• **Work order**
Track down each line below containing the string "ultimately" and copy it.

------ Dataset records ------

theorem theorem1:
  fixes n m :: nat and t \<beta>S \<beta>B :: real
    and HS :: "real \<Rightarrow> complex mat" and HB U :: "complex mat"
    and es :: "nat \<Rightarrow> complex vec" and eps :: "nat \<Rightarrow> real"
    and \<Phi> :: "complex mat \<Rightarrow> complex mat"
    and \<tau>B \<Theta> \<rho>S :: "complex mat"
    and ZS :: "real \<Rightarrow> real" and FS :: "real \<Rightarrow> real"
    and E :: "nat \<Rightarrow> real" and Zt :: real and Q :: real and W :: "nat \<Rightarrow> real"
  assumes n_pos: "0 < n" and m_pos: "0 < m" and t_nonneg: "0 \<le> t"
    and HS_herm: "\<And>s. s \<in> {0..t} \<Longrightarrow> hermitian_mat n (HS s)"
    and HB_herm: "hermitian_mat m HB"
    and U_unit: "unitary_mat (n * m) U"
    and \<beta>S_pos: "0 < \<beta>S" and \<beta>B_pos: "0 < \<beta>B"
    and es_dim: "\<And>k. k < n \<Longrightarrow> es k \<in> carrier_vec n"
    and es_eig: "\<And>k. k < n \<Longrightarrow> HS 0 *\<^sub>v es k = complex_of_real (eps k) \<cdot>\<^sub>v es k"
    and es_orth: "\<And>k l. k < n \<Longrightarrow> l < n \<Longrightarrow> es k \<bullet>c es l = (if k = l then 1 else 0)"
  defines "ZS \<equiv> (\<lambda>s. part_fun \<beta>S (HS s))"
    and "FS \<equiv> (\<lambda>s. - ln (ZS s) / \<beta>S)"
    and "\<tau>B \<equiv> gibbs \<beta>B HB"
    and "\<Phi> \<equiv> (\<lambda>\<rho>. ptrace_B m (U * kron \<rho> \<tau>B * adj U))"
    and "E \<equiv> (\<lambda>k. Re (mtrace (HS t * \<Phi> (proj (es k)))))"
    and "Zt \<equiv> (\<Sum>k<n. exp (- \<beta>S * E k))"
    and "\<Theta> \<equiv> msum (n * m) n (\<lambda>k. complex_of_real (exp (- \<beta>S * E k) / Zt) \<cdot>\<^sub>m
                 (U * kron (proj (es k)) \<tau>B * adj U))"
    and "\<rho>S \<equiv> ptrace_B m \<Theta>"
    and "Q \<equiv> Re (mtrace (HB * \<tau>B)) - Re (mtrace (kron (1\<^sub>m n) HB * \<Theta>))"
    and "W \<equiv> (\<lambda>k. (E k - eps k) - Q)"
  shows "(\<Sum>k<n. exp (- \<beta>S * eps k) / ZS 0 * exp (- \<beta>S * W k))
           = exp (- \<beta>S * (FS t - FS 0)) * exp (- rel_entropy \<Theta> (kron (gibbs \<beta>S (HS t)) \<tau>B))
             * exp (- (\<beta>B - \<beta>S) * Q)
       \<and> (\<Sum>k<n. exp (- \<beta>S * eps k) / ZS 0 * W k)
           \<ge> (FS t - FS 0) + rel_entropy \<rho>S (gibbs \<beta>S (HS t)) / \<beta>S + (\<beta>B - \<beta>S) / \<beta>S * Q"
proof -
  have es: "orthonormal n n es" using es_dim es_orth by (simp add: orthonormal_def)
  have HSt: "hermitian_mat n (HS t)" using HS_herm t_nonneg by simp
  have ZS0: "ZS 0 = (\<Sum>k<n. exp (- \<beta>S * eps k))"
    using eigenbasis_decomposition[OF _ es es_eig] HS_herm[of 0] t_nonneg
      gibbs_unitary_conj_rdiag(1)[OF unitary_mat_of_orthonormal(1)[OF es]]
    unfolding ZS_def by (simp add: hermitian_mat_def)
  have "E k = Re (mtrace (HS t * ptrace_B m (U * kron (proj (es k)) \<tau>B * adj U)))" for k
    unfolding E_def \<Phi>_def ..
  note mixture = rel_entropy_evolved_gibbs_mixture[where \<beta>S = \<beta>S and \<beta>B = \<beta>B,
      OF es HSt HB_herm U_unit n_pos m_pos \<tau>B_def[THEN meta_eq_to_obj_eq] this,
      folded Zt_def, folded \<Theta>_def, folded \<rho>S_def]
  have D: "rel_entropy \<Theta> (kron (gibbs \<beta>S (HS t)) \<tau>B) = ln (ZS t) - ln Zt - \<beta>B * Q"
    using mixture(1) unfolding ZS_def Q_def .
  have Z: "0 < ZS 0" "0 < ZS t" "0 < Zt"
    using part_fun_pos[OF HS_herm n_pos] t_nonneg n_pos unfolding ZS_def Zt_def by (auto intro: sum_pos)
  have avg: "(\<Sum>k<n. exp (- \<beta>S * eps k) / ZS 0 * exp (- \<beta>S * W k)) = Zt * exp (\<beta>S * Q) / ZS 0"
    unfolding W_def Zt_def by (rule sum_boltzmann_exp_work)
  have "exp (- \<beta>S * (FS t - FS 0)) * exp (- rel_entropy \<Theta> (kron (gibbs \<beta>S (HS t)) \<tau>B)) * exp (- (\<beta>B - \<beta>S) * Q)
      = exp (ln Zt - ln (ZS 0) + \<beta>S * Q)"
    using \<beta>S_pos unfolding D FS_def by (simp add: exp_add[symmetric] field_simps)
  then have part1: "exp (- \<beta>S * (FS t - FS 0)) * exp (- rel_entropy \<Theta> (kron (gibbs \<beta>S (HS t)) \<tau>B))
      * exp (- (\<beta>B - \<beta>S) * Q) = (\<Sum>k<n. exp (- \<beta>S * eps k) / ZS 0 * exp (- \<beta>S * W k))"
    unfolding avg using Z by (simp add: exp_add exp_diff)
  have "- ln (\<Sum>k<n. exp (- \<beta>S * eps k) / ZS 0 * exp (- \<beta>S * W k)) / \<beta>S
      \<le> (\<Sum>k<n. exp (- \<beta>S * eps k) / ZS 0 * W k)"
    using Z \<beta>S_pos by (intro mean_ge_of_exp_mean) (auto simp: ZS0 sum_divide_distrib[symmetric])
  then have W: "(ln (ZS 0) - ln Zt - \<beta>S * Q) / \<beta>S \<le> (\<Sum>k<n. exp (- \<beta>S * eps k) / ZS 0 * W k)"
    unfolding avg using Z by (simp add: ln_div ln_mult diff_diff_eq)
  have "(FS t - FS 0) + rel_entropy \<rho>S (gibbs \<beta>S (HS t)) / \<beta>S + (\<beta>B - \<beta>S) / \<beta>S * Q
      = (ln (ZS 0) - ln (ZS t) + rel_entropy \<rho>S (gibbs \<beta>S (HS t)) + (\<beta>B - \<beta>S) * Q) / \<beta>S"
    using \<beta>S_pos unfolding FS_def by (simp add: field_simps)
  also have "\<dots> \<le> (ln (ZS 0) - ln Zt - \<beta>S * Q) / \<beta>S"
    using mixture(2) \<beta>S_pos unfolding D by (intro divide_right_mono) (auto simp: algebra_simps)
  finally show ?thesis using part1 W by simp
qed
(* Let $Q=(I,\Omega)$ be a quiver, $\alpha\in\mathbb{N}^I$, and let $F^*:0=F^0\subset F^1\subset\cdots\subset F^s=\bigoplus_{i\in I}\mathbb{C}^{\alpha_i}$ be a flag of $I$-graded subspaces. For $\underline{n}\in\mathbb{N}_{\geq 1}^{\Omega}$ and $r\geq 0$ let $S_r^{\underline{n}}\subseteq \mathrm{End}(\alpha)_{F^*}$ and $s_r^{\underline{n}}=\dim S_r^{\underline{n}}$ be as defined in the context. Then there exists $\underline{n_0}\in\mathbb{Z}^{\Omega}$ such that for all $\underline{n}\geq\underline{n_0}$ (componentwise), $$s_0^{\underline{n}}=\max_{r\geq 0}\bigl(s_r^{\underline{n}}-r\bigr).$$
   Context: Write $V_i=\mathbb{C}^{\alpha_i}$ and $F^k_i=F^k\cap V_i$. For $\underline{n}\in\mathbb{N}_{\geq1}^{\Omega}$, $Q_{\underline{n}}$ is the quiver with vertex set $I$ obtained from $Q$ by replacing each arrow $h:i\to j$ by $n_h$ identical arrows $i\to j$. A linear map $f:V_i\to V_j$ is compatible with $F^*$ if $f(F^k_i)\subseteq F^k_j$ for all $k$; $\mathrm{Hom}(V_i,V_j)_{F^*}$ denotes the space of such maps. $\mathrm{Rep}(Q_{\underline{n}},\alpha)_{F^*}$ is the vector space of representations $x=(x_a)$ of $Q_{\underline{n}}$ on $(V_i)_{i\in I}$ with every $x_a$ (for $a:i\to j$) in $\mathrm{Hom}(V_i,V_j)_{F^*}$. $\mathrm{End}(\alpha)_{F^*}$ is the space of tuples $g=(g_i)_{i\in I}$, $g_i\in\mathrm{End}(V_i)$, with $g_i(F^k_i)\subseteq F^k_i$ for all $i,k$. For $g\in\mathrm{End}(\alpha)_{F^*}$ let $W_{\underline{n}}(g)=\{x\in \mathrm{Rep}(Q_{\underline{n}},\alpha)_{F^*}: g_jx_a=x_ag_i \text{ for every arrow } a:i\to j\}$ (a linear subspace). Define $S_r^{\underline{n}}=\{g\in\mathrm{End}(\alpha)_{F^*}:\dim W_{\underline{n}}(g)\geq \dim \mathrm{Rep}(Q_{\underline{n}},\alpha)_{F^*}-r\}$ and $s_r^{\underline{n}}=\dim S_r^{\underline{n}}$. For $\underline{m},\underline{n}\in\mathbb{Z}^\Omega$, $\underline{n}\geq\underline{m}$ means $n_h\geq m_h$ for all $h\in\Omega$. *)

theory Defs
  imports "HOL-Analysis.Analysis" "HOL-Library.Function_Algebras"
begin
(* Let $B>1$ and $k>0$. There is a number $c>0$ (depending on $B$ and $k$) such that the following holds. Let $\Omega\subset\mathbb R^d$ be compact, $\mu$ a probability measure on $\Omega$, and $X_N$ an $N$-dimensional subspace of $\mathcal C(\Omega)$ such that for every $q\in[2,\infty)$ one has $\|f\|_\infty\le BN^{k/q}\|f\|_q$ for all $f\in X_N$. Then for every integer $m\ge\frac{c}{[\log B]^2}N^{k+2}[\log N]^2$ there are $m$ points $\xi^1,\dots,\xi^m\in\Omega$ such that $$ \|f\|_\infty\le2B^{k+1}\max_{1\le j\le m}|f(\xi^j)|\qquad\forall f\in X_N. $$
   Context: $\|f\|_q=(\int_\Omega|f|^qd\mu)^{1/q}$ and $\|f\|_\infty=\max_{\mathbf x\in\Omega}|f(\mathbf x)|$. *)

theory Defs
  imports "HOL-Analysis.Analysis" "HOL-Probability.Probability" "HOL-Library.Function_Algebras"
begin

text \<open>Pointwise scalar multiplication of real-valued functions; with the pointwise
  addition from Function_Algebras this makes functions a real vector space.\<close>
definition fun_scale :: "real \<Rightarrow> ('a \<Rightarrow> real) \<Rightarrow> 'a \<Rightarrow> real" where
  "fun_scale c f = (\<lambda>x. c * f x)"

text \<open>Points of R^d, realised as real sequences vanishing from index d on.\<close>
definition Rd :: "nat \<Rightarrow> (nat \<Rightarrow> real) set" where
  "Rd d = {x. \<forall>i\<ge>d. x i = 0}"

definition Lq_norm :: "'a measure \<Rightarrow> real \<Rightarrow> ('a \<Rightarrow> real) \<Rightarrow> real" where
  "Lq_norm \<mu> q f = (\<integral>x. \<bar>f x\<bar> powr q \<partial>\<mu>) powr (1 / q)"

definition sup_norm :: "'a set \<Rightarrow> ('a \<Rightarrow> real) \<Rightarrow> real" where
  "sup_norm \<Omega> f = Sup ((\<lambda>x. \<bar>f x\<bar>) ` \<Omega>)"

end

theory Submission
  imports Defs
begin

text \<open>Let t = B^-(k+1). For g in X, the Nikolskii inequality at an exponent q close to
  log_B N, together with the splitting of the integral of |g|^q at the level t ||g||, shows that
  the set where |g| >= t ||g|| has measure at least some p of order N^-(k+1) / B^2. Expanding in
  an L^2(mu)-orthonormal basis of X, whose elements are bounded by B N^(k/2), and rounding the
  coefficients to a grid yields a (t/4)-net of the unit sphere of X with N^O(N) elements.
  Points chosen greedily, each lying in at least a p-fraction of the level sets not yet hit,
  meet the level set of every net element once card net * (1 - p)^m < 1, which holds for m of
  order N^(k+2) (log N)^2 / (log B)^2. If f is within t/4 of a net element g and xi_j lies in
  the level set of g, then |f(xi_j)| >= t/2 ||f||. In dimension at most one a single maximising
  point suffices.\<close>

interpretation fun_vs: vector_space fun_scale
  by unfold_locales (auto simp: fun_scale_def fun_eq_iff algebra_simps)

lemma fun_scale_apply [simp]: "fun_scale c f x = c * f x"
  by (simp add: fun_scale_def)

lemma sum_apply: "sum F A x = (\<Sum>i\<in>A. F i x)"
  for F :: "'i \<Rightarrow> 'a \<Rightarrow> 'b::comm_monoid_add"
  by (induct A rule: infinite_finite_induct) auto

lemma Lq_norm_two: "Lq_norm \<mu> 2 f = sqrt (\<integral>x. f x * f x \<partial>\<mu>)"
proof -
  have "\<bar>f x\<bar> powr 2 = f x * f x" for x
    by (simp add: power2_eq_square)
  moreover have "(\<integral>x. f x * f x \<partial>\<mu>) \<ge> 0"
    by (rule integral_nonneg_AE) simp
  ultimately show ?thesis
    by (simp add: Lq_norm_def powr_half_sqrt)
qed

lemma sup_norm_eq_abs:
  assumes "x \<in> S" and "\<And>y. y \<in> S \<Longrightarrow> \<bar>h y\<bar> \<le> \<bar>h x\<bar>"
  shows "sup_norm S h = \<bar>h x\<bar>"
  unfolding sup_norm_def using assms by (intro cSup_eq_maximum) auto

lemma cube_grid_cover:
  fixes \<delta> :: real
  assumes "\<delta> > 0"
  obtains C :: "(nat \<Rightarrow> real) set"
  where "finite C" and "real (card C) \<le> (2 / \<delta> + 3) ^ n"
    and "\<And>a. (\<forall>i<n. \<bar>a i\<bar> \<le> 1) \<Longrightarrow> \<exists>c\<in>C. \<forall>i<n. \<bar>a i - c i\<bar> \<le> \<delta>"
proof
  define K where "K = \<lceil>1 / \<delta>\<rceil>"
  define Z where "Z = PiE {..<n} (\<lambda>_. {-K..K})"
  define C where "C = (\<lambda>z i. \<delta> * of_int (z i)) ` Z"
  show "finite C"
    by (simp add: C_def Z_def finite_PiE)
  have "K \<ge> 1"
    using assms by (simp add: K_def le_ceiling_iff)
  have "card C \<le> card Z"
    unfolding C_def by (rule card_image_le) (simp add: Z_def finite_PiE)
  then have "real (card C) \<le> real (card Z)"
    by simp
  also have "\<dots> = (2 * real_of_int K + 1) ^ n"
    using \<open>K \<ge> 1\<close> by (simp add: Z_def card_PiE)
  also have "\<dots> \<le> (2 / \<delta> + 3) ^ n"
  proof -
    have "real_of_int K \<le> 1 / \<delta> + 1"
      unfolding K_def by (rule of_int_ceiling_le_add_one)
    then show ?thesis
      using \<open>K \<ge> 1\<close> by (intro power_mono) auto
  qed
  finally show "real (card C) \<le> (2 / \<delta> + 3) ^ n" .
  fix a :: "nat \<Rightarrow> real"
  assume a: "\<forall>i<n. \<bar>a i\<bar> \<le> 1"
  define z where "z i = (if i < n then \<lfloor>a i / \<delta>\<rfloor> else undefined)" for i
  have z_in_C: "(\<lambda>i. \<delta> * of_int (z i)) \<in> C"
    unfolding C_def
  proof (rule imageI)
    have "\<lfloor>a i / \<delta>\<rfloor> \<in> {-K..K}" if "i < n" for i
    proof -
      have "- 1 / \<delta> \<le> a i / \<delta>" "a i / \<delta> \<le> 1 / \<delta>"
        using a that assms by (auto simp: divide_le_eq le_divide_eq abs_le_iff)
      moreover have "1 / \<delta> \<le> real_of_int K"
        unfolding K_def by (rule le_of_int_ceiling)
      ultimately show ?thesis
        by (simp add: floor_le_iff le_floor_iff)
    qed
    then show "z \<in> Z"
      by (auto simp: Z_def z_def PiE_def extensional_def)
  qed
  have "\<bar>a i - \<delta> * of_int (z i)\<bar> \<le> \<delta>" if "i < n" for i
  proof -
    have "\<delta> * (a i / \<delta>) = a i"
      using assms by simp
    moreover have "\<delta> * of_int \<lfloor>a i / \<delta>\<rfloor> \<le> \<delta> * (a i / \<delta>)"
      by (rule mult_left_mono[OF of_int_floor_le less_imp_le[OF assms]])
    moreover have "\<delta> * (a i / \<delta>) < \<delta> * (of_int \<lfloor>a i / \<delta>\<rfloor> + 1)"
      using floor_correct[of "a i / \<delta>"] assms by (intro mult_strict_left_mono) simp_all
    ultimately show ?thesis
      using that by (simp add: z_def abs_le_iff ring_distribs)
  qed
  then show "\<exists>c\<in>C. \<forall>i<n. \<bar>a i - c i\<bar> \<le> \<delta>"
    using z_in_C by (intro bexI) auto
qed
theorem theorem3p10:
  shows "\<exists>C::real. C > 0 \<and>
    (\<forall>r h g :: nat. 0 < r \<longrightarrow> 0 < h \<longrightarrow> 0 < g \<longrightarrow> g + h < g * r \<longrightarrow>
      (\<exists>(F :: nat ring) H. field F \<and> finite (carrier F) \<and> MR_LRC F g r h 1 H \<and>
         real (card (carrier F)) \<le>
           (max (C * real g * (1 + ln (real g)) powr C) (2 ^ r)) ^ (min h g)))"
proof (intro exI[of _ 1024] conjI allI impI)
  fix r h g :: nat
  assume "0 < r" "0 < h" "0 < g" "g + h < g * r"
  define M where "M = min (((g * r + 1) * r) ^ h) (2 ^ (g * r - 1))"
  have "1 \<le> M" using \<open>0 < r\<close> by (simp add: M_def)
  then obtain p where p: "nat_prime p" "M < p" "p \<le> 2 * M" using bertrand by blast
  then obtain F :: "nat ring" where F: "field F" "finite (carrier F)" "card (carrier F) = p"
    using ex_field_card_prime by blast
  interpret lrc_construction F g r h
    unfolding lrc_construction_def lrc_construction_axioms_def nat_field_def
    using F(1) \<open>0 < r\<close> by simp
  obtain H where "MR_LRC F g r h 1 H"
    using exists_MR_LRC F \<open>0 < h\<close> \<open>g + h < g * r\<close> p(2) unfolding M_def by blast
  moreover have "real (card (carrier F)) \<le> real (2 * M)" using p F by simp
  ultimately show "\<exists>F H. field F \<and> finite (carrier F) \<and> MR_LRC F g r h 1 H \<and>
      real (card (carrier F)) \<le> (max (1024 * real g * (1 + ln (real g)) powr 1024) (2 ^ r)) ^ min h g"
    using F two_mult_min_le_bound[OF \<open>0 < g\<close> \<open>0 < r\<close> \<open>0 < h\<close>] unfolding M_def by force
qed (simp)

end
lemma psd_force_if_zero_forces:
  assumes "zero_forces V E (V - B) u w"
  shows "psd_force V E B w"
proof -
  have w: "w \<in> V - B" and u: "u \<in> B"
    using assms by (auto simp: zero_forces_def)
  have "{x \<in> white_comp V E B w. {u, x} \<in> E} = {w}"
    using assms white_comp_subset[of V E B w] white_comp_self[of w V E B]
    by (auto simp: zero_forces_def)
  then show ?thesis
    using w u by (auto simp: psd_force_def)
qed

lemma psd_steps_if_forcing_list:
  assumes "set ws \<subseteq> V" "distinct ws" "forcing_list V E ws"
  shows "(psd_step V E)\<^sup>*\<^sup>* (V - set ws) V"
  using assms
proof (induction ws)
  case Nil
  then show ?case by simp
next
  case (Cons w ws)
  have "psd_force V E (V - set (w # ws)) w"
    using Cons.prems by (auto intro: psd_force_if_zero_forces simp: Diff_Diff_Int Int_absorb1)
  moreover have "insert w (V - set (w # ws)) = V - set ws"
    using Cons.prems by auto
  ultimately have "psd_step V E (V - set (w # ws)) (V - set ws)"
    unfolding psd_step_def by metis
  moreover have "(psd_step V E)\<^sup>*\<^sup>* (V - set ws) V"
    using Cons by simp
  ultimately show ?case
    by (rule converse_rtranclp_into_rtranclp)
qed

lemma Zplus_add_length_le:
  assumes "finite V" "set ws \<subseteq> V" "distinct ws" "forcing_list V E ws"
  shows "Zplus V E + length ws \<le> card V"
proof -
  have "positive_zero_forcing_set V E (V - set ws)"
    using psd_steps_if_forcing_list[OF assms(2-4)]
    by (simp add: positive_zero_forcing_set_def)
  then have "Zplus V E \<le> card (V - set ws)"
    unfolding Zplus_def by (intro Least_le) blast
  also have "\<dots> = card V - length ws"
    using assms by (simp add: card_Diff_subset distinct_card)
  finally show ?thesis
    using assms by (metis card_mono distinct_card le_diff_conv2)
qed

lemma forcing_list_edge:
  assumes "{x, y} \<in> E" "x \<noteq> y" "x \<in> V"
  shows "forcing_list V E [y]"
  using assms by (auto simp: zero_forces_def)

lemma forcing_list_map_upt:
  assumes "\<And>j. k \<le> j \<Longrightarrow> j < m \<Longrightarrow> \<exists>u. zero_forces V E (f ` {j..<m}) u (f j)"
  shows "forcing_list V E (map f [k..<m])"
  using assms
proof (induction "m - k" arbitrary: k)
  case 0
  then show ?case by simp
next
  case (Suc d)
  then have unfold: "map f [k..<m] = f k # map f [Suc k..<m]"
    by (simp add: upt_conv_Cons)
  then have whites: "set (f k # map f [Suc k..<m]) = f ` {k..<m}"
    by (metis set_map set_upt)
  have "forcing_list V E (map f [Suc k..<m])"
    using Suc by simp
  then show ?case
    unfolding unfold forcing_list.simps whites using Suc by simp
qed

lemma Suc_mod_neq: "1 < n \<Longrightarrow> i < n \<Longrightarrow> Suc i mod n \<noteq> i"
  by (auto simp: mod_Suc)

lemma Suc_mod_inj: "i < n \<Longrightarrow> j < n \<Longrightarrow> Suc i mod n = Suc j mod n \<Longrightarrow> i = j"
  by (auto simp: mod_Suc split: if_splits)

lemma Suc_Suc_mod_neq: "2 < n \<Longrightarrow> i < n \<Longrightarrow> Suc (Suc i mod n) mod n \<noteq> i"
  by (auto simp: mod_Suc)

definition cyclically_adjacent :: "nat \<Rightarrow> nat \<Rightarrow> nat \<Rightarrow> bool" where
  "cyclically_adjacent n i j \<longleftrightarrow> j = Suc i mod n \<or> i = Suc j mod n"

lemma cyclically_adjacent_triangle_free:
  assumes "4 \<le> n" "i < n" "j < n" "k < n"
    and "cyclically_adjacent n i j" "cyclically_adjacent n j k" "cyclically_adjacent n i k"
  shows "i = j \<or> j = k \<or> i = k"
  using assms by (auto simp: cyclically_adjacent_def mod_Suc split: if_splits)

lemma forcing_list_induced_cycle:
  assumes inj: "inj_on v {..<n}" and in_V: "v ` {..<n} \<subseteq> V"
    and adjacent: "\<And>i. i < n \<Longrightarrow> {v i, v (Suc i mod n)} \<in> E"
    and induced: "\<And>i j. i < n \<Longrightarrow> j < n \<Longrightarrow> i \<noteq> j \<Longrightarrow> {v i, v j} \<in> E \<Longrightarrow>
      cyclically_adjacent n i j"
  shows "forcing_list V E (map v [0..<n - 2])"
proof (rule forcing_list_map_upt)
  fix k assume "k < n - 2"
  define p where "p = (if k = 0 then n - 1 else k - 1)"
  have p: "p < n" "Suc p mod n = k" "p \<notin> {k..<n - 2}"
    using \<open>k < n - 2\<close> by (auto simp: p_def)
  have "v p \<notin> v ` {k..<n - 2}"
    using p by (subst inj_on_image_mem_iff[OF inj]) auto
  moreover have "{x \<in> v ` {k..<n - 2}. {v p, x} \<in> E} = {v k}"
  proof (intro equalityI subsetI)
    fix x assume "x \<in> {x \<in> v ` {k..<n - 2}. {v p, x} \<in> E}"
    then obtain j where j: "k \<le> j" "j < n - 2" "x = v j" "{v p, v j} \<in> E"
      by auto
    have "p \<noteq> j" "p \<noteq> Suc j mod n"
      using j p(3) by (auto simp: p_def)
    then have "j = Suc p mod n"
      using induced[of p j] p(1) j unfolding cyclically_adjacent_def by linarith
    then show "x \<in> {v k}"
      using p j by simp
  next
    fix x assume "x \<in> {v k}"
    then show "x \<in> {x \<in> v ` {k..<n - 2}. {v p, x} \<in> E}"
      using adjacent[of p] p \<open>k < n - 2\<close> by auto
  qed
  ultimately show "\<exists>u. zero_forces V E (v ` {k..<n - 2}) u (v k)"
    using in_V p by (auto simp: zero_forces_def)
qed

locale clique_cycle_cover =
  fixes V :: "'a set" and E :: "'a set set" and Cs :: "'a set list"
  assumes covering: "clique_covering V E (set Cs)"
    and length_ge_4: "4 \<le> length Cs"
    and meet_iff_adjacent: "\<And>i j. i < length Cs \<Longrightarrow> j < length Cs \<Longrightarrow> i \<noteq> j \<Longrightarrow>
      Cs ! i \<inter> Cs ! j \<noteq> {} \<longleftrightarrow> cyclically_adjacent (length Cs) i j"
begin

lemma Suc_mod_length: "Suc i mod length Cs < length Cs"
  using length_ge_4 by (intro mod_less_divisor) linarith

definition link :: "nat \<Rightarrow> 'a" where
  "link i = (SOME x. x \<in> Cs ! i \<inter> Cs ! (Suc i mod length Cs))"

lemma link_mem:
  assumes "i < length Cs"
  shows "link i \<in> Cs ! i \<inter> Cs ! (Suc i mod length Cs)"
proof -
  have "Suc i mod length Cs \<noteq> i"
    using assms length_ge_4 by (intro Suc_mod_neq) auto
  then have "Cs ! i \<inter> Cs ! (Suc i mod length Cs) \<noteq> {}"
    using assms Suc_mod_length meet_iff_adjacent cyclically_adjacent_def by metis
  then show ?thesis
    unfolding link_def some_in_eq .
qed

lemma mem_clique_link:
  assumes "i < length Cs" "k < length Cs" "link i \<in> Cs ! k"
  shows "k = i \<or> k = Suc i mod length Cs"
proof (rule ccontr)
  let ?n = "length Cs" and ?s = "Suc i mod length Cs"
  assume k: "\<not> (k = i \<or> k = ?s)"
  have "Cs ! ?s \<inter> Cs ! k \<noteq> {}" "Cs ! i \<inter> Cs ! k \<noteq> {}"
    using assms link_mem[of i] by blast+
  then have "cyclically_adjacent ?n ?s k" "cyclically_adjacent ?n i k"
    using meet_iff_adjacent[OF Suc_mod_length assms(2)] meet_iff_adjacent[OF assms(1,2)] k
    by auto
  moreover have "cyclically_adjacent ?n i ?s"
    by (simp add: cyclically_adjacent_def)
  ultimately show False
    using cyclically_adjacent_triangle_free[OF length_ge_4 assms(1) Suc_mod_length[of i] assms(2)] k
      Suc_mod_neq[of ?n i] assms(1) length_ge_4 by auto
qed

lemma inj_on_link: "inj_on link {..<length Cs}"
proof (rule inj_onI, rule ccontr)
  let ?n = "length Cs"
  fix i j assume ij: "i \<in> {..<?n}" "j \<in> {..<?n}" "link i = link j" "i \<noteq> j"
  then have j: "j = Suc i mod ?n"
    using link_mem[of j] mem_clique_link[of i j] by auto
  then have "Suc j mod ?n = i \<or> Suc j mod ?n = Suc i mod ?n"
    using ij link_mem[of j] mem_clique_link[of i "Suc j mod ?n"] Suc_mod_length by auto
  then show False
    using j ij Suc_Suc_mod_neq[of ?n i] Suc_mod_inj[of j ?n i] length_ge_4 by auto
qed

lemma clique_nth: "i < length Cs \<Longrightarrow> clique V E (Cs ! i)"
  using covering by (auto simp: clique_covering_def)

------

• **Answer for this exercise**
  ultimately show ?thesis
      ultimately show ?thesis
    ultimately show ?thesis
  ultimately show "\<exists>F H. field F \<and> finite (carrier F) \<and> MR_LRC F g r h 1 H \<and>
  ultimately have "psd_step V E (V - set (w # ws)) (V - set ws)"
  ultimately show ?case
  ultimately show "\<exists>u. zero_forces V E (v ` {k..<n - 2}) u (v k)"
  ultimately show False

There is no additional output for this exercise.